◆ **TASK**
Nothing but the lines from the one that contains "then obtain U" through the end of the data should be reproduced, and each must match exactly.

◆ **DATA SUPPLIED**
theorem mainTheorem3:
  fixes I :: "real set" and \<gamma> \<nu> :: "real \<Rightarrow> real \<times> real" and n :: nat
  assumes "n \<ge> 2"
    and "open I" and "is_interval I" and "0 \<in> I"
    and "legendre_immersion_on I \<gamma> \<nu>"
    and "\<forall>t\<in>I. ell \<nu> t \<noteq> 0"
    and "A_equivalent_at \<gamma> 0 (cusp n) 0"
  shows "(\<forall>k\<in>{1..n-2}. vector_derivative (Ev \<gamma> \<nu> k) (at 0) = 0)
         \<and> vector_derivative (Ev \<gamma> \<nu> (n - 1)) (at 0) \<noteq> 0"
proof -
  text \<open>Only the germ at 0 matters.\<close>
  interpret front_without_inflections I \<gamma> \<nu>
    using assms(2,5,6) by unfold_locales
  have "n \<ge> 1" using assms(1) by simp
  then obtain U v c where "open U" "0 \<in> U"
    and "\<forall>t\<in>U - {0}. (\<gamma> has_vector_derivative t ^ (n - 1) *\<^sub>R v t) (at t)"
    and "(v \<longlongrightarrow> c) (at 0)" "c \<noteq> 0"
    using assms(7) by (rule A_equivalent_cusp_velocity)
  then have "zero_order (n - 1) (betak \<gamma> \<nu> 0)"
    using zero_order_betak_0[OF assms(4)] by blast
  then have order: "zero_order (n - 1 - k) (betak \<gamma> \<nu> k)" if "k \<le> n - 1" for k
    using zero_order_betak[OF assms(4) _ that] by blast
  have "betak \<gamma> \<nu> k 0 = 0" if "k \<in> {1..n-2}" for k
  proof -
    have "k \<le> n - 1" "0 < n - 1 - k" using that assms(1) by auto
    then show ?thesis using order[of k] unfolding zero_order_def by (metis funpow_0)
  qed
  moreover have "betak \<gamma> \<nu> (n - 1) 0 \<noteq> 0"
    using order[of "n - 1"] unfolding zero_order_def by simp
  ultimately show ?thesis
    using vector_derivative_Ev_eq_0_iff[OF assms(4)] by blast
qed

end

◆ **TASK RESULT**
  then obtain U v c where "open U" "0 \<in> U"
    and "\<forall>t\<in>U - {0}. (\<gamma> has_vector_derivative t ^ (n - 1) *\<^sub>R v t) (at t)"
    and "(v \<longlongrightarrow> c) (at 0)" "c \<noteq> 0"
    using assms(7) by (rule A_equivalent_cusp_velocity)
  then have "zero_order (n - 1) (betak \<gamma> \<nu> 0)"
    using zero_order_betak_0[OF assms(4)] by blast
  then have order: "zero_order (n - 1 - k) (betak \<gamma> \<nu> k)" if "k \<le> n - 1" for k
    using zero_order_betak[OF assms(4) _ that] by blast
  have "betak \<gamma> \<nu> k 0 = 0" if "k \<in> {1..n-2}" for k
  proof -
    have "k \<le> n - 1" "0 < n - 1 - k" using that assms(1) by auto
    then show ?thesis using order[of k] unfolding zero_order_def by (metis funpow_0)
  qed
  moreover have "betak \<gamma> \<nu> (n - 1) 0 \<noteq> 0"
    using order[of "n - 1"] unfolding zero_order_def by simp
  ultimately show ?thesis
    using vector_derivative_Ev_eq_0_iff[OF assms(4)] by blast
qed

end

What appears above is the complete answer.